### [What the task asks]
Copy out every line of the data exactly.

[Excerpts from a dataset]
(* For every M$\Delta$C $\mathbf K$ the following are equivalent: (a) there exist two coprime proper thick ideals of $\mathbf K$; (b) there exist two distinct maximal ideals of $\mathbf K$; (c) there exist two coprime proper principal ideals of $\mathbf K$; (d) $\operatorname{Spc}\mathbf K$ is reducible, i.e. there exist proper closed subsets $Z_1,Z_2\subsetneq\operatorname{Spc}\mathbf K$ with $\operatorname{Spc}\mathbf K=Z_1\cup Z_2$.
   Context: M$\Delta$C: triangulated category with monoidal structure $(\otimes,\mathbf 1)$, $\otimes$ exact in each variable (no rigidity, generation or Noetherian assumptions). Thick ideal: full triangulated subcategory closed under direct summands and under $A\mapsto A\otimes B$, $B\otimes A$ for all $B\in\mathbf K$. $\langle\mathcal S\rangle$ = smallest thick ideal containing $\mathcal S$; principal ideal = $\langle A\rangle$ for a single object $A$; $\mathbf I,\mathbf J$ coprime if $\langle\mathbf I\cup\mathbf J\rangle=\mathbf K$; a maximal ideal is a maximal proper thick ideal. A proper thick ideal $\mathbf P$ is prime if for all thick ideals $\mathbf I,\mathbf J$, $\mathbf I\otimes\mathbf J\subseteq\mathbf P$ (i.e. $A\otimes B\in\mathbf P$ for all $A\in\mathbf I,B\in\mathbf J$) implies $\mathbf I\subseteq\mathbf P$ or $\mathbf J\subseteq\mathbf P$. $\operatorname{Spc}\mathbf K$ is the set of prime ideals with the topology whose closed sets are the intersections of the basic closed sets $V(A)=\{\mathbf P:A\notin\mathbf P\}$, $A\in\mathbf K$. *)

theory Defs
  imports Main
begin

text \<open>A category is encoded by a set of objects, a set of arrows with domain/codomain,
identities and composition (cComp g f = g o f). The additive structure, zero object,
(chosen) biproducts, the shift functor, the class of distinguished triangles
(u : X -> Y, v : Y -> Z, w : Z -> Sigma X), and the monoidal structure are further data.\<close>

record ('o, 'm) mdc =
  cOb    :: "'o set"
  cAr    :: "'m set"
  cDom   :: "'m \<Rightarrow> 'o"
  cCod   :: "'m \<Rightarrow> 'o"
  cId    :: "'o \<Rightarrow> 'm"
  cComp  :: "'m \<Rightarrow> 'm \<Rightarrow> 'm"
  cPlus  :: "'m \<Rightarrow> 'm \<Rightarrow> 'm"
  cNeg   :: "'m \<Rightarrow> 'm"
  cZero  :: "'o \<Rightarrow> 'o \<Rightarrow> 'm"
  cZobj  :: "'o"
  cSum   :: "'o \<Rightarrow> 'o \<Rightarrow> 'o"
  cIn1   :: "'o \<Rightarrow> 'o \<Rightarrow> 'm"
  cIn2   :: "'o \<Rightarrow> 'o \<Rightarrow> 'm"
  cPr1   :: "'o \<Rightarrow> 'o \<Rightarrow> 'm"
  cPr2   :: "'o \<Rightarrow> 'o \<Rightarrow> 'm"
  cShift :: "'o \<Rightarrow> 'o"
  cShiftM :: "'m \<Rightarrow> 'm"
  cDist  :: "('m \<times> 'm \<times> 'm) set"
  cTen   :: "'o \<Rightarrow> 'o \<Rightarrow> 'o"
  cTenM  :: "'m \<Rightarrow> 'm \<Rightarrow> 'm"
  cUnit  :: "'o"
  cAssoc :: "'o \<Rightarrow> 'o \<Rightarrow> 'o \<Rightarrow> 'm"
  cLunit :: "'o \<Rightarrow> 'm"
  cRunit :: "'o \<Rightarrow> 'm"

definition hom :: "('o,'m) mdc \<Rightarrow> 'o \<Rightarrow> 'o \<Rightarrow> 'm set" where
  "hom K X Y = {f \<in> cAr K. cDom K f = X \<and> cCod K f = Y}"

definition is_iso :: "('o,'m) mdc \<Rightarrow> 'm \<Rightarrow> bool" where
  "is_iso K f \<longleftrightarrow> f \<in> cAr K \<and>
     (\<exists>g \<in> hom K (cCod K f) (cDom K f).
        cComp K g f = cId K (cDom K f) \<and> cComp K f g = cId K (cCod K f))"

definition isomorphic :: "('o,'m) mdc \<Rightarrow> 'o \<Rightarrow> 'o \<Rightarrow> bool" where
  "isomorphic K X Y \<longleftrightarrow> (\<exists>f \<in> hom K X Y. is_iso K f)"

### [Answer section]
(* For every M$\Delta$C $\mathbf K$ the following are equivalent: (a) there exist two coprime proper thick ideals of $\mathbf K$; (b) there exist two distinct maximal ideals of $\mathbf K$; (c) there exist two coprime proper principal ideals of $\mathbf K$; (d) $\operatorname{Spc}\mathbf K$ is reducible, i.e. there exist proper closed subsets $Z_1,Z_2\subsetneq\operatorname{Spc}\mathbf K$ with $\operatorname{Spc}\mathbf K=Z_1\cup Z_2$.
   Context: M$\Delta$C: triangulated category with monoidal structure $(\otimes,\mathbf 1)$, $\otimes$ exact in each variable (no rigidity, generation or Noetherian assumptions). Thick ideal: full triangulated subcategory closed under direct summands and under $A\mapsto A\otimes B$, $B\otimes A$ for all $B\in\mathbf K$. $\langle\mathcal S\rangle$ = smallest thick ideal containing $\mathcal S$; principal ideal = $\langle A\rangle$ for a single object $A$; $\mathbf I,\mathbf J$ coprime if $\langle\mathbf I\cup\mathbf J\rangle=\mathbf K$; a maximal ideal is a maximal proper thick ideal. A proper thick ideal $\mathbf P$ is prime if for all thick ideals $\mathbf I,\mathbf J$, $\mathbf I\otimes\mathbf J\subseteq\mathbf P$ (i.e. $A\otimes B\in\mathbf P$ for all $A\in\mathbf I,B\in\mathbf J$) implies $\mathbf I\subseteq\mathbf P$ or $\mathbf J\subseteq\mathbf P$. $\operatorname{Spc}\mathbf K$ is the set of prime ideals with the topology whose closed sets are the intersections of the basic closed sets $V(A)=\{\mathbf P:A\notin\mathbf P\}$, $A\in\mathbf K$. *)

theory Defs
  imports Main
begin

text \<open>A category is encoded by a set of objects, a set of arrows with domain/codomain,
identities and composition (cComp g f = g o f). The additive structure, zero object,
(chosen) biproducts, the shift functor, the class of distinguished triangles
(u : X -> Y, v : Y -> Z, w : Z -> Sigma X), and the monoidal structure are further data.\<close>

record ('o, 'm) mdc =
  cOb    :: "'o set"
  cAr    :: "'m set"
  cDom   :: "'m \<Rightarrow> 'o"
  cCod   :: "'m \<Rightarrow> 'o"
  cId    :: "'o \<Rightarrow> 'm"
  cComp  :: "'m \<Rightarrow> 'm \<Rightarrow> 'm"
  cPlus  :: "'m \<Rightarrow> 'm \<Rightarrow> 'm"
  cNeg   :: "'m \<Rightarrow> 'm"
  cZero  :: "'o \<Rightarrow> 'o \<Rightarrow> 'm"
  cZobj  :: "'o"
  cSum   :: "'o \<Rightarrow> 'o \<Rightarrow> 'o"
  cIn1   :: "'o \<Rightarrow> 'o \<Rightarrow> 'm"
  cIn2   :: "'o \<Rightarrow> 'o \<Rightarrow> 'm"
  cPr1   :: "'o \<Rightarrow> 'o \<Rightarrow> 'm"
  cPr2   :: "'o \<Rightarrow> 'o \<Rightarrow> 'm"
  cShift :: "'o \<Rightarrow> 'o"
  cShiftM :: "'m \<Rightarrow> 'm"
  cDist  :: "('m \<times> 'm \<times> 'm) set"
  cTen   :: "'o \<Rightarrow> 'o \<Rightarrow> 'o"
  cTenM  :: "'m \<Rightarrow> 'm \<Rightarrow> 'm"
  cUnit  :: "'o"
  cAssoc :: "'o \<Rightarrow> 'o \<Rightarrow> 'o \<Rightarrow> 'm"
  cLunit :: "'o \<Rightarrow> 'm"
  cRunit :: "'o \<Rightarrow> 'm"

definition hom :: "('o,'m) mdc \<Rightarrow> 'o \<Rightarrow> 'o \<Rightarrow> 'm set" where
  "hom K X Y = {f \<in> cAr K. cDom K f = X \<and> cCod K f = Y}"

definition is_iso :: "('o,'m) mdc \<Rightarrow> 'm \<Rightarrow> bool" where
  "is_iso K f \<longleftrightarrow> f \<in> cAr K \<and>
     (\<exists>g \<in> hom K (cCod K f) (cDom K f).
        cComp K g f = cId K (cDom K f) \<and> cComp K f g = cId K (cCod K f))"

definition isomorphic :: "('o,'m) mdc \<Rightarrow> 'o \<Rightarrow> 'o \<Rightarrow> bool" where
  "isomorphic K X Y \<longleftrightarrow> (\<exists>f \<in> hom K X Y. is_iso K f)"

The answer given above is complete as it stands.